RotoHog
- RotoHog.com homepage (March 2008)
- Website type: Fantasy sport
- Owners: Sports Composite DE, Inc.
- Website: rotohog.com at the Wayback Machine (archived 2 February 2007)
- Commercial: Yes
- Registration: Required to play
- Launched: 2007

= RotoHog =

RotoHog was the consumer facing fantasy sports website for Fastpoint Games, a digital platform developer that designed, implemented and marketed fantasy services for media and advertising partners. The company developed and managed fantasy sports games for media companies, sports brands, and professional sports leagues, which were often co-branded.

Their signature game was a fantasy draft game with a stock market-style trading floor for baseball, basketball, American football, and Association Football (soccer). The company also offered traditional commissioner and pick-em style fantasy sports games.

RotoHog also branched out to entertainment games with the Rose Ceremony game for the reality TV show The Bachelor and the Us Weekly Celebrity Fantasy League.

==Fantasy Game Platform==
RotoHog was also the provider of nba.com's NBA Stock Exchange and commissioner games and Brazilian media company Grupo RBS's first ever Fantasy Soccer game. In 2009, RotoHog began to provide games for Fox Sports en Español and the AVP Pro Beach Volleyball tour.
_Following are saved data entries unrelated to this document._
lemma modular_concave_comb_ge:
  fixes I :: "nat set"
  assumes H: "phi_bij H" "concave_on {0..} H" and "finite I"
    and w: "\<And>i. i \<in> I \<Longrightarrow> 0 \<le> w i" "(\<Sum>i\<in>I. w i) = 1"
    and h: "\<And>i. i \<in> I \<Longrightarrow> h i \<in> borel_measurable halfline" "\<And>i y. 0 \<le> h i y"
  shows "(\<Sum>i\<in>I. ennreal (w i) * \<rho> (\<lambda>y. ennreal (H (h i y)))) \<le> \<rho> (\<lambda>y. ennreal (H (\<Sum>i\<in>I. w i * h i y)))"
proof -
  have Hh: "(\<lambda>y. ennreal (H (h i y))) \<in> borel_measurable halfline" if "i \<in> I" for i
    using h that by (intro borel_measurable_phi_bij_comp[OF H(1)])
  have "(\<Sum>i\<in>I. ennreal (w i) * \<rho> (\<lambda>y. ennreal (H (h i y))))
      \<le> (\<Sum>i\<in>I. \<rho> (\<lambda>y. ennreal (w i) * ennreal (H (h i y))))"
  proof (intro sum_mono)
    fix i assume "i \<in> I"
    show "ennreal (w i) * \<rho> (\<lambda>y. ennreal (H (h i y))) \<le> \<rho> (\<lambda>y. ennreal (w i) * ennreal (H (h i y)))"
      using w(1)[OF \<open>i \<in> I\<close>] modular_cmult[OF Hh[OF \<open>i \<in> I\<close>]] by (cases "w i = 0") auto
  qed
  also have "\<dots> \<le> \<rho> (\<lambda>y. \<Sum>i\<in>I. ennreal (w i) * ennreal (H (h i y)))"
    using Hh by (intro modular_sum_ge[OF \<open>finite I\<close>] borel_measurable_times_ennreal) simp_all
  also have "\<dots> \<le> \<rho> (\<lambda>y. ennreal (H (\<Sum>i\<in>I. w i * h i y)))"
  proof (rule modular_mono)
    have "I \<noteq> {}" using w(2) by auto
    show "(\<lambda>y. ennreal (H (\<Sum>i\<in>I. w i * h i y))) \<in> borel_measurable halfline"
      using h w by (intro borel_measurable_phi_bij_comp[OF H(1)] borel_measurable_sum sum_nonneg) auto
    fix y
    have "(\<Sum>i\<in>I. ennreal (w i) * ennreal (H (h i y))) = ennreal (\<Sum>i\<in>I. w i * H (h i y))"
      using w(1) h(2) phi_bij_nonneg[OF H(1)]
      by (simp add: sum_ennreal ennreal_mult[symmetric] del: ennreal_mult)
    also have "\<dots> \<le> ennreal (H (\<Sum>i\<in>I. w i * h i y))"
      using concave_on_sum[OF \<open>finite I\<close> \<open>I \<noteq> {}\<close> H(2), of w "\<lambda>i. h i y"] w h by (auto intro: ennreal_leI)
    finally show "(\<Sum>i\<in>I. ennreal (w i) * ennreal (H (h i y))) \<le> ennreal (H (\<Sum>i\<in>I. w i * h i y))" .
  qed
  finally show ?thesis .
qed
In June 2009, RotoHog closed a multi-year deal with Sporting News to power the sports media company's suite of fantasy sports games. In March 2010, RotoHog began powering the MySpace Bracket Challenge for the NCAA college basketball tournament. At the same time, the company announced that it would be launching its first commissioner-style baseball game on its own site.

Trading Floor

Buy Order

Like most fantasy sports games, the core elements of RotoHog's flagship stock exchange game involved building a team and setting a line-up to earn points. To this traditional core game, RotoHog added a liquid market for players that all team managers use to trade players. Players could be traded at almost any time and player prices reflected up-to-the minute supply and demand.

RotoHog differed from fantasy sports stock simulations in that the goal of the game was to score the most fantasy points by fielding the best team of players. Stock simulation games focus on increasing the value of a player's portfolio by anticipating price movements of players.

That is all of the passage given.